*About this exercise*. Reproduce verbatim the line where "(H * H'\<^sup>T)) $$" occurs, along with all following lines down to the last line of the data.

*Records contained in a dataset*.
lemma halves_kron_mult_transpose:
  fixes E :: "'a :: comm_ring_1 mat"
  assumes E: "E \<in> carrier_mat (2 * K) N" "E * E\<^sup>T = f \<cdot>\<^sub>m 1\<^sub>m (2 * K)"
    and P: "P \<in> carrier_mat p q" "Q \<in> carrier_mat p q"
    and P': "P' \<in> carrier_mat p' q" "Q' \<in> carrier_mat p' q"
  shows "halves_kron K E P Q * (halves_kron K E P' Q')\<^sup>T = f \<cdot>\<^sub>m diag_blocks K (P * P'\<^sup>T + Q * Q'\<^sup>T)"
proof (rule eq_matI)
  fix r r' assume "r < dim_row (f \<cdot>\<^sub>m diag_blocks K (P * P'\<^sup>T + Q * Q'\<^sup>T))"
    "r' < dim_col (f \<cdot>\<^sub>m diag_blocks K (P * P'\<^sup>T + Q * Q'\<^sup>T))"
  then have r: "r < K * p" "r' < K * p'"
    using P P' by (auto simp: diag_blocks_def)
  moreover have "0 < p" "0 < p'"
    using r by (auto intro!: gr0I)
  ultimately have ids: "r div p < K" "r' div p' < K" "r mod p < p" "r' mod p' < p'"
    by (auto simp: less_mult_imp_div_less mult.commute)
  have "(halves_kron K E P Q * (halves_kron K E P' Q')\<^sup>T) $$ (r, r')
      = (\<Sum>c<N * q. halves_kron K E P Q $$ (r, c) * halves_kron K E P' Q' $$ (r', c))"
    by (rule mult_transpose_index) (use r E P P' in \<open>auto simp: halves_kron_def\<close>)
  also have "\<dots> = (\<Sum>t<q. \<Sum>j<N.
      (E $$ (r div p, j) * P $$ (r mod p, t) + E $$ (r div p + K, j) * Q $$ (r mod p, t)) *
      (E $$ (r' div p', j) * P' $$ (r' mod p', t) + E $$ (r' div p' + K, j) * Q' $$ (r' mod p', t)))"
    unfolding sum_lessThan_mult
    by (subst sum.swap, intro sum.cong refl) (use r E P P' in \<open>auto simp: halves_kron_def mult_add_index\<close>)
  also have "\<dots> = (if r div p = r' div p'
      then f * (\<Sum>t<q. P $$ (r mod p, t) * P' $$ (r' mod p', t) + Q $$ (r mod p, t) * Q' $$ (r' mod p', t))
      else 0)"
    by (simp add: rows_halves_combination_sum[OF E ids(1,2)] sum_distrib_left)
  also have "\<dots> = (f \<cdot>\<^sub>m diag_blocks K (P * P'\<^sup>T + Q * Q'\<^sup>T)) $$ (r, r')"
    using r ids P P' by (simp add: diag_blocks_def sum.distrib scalar_prod_def atLeast0LessThan)
  finally show "(halves_kron K E P Q * (halves_kron K E P' Q')\<^sup>T) $$ (r, r') = \<dots>" .
qed (use E P P' in \<open>auto simp: halves_kron_def diag_blocks_def\<close>)

lemma smult_smult_mat: "a \<cdot>\<^sub>m (b \<cdot>\<^sub>m A) = (a * b) \<cdot>\<^sub>m A"
  for A :: "'a::semigroup_mult mat"
  by (rule eq_matI) (auto simp: mult.assoc)

lemma diag_blocks_smult: "diag_blocks K (c \<cdot>\<^sub>m M) = c \<cdot>\<^sub>m diag_blocks K M"
  for M :: "'a::semiring_0 mat"
proof (rule eq_matI)
  fix i j assume "i < dim_row (c \<cdot>\<^sub>m diag_blocks K M)" "j < dim_col (c \<cdot>\<^sub>m diag_blocks K M)"
  then have "i mod dim_row M < dim_row M" "j mod dim_col M < dim_col M"
    by (auto simp: diag_blocks_def intro!: mod_less_divisor gr0I)
  then show "diag_blocks K (c \<cdot>\<^sub>m M) $$ (i, j) = (c \<cdot>\<^sub>m diag_blocks K M) $$ (i, j)"
    using \<open>i < _\<close> \<open>j < _\<close> by (auto simp: diag_blocks_def)
qed (auto simp: diag_blocks_def)

lemma diag_blocks_smult_one:
  "diag_blocks K (c \<cdot>\<^sub>m 1\<^sub>m p) = c \<cdot>\<^sub>m (1\<^sub>m (K * p) :: 'a::semiring_1 mat)"
proof (rule eq_matI)
  fix r r' assume "r < dim_row (c \<cdot>\<^sub>m (1\<^sub>m (K * p) :: 'a mat))" "r' < dim_col (c \<cdot>\<^sub>m (1\<^sub>m (K * p) :: 'a mat))"
  then have "r < K * p" "r' < K * p" by auto
  moreover have "r = r' \<longleftrightarrow> r div p = r' div p \<and> r mod p = r' mod p"
    by (metis div_mult_mod_eq)
  moreover have "0 < p"
    using calculation by (auto intro!: gr0I)
  ultimately show "diag_blocks K (c \<cdot>\<^sub>m 1\<^sub>m p) $$ (r, r') = (c \<cdot>\<^sub>m (1\<^sub>m (K * p) :: 'a mat)) $$ (r, r')"
    by (auto simp: diag_blocks_def)
qed (auto simp: diag_blocks_def)

definition col_halves_sum :: "nat \<Rightarrow> real mat \<Rightarrow> real mat" where
  "col_halves_sum h H = mat (dim_row H) h (\<lambda>(i, j). (H $$ (i, j) + H $$ (i, j + h)) / 2)"

definition col_halves_diff :: "nat \<Rightarrow> real mat \<Rightarrow> real mat" where
  "col_halves_diff h H = mat (dim_row H) h (\<lambda>(i, j). (H $$ (i, j) - H $$ (i, j + h)) / 2)"

lemma col_halves_mult_transpose:
  assumes H: "H \<in> carrier_mat p (2 * h)" and H': "H' \<in> carrier_mat p' (2 * h)"
  shows "col_halves_sum h H * (col_halves_sum h H')\<^sup>T + col_halves_diff h H * (col_halves_diff h H')\<^sup>T
    = (1 / 2) \<cdot>\<^sub>m (H * H'\<^sup>T)"
proof (rule eq_matI)
  fix i k assume "i < dim_row ((1 / 2) \<cdot>\<^sub>m (H * H'\<^sup>T))" "k < dim_col ((1 / 2) \<cdot>\<^sub>m (H * H'\<^sup>T))"
  then have ik: "i < p" "k < p'"
    using H H' by auto
  have "(H * H'\<^sup>T) $$ (i, k) = (\<Sum>j<2. \<Sum>t<h. H $$ (i, j * h + t) * H' $$ (k, j * h + t))"
    using mult_transpose_index[OF H H' ik] by (simp add: sum_lessThan_mult)
  also have "\<dots> = (\<Sum>t<h. H $$ (i, t) * H' $$ (k, t) + H $$ (i, t + h) * H' $$ (k, t + h))"
    by (simp add: numeral_2_eq_2 sum.distrib add.commute)
  also have "\<dots> = 2 * ((\<Sum>t<h. (H $$ (i, t) + H $$ (i, t + h)) / 2 * ((H' $$ (k, t) + H' $$ (k, t + h)) / 2))
      + (\<Sum>t<h. (H $$ (i, t) - H $$ (i, t + h)) / 2 * ((H' $$ (k, t) - H' $$ (k, t + h)) / 2)))"
    by (simp add: sum_distrib_left sum.distrib[symmetric], rule sum.cong) (auto simp: field_simps)
  also have "\<dots> = 2 * (col_halves_sum h H * (col_halves_sum h H')\<^sup>T
      + col_halves_diff h H * (col_halves_diff h H')\<^sup>T) $$ (i, k)"
    using ik H H'
    by (simp add: col_halves_sum_def col_halves_diff_def scalar_prod_def atLeast0LessThan)
  finally show "(col_halves_sum h H * (col_halves_sum h H')\<^sup>T + col_halves_diff h H * (col_halves_diff h H')\<^sup>T) $$ (i, k)
    = ((1 / 2) \<cdot>\<^sub>m (H * H'\<^sup>T)) $$ (i, k)"
    using ik H H' by simp
qed (use H H' in \<open>auto simp: col_halves_sum_def col_halves_diff_def\<close>)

*Solution to this task*.
    = ((1 / 2) \<cdot>\<^sub>m (H * H'\<^sup>T)) $$ (i, k)"
    using ik H H' by simp
qed (use H H' in \<open>auto simp: col_halves_sum_def col_halves_diff_def\<close>)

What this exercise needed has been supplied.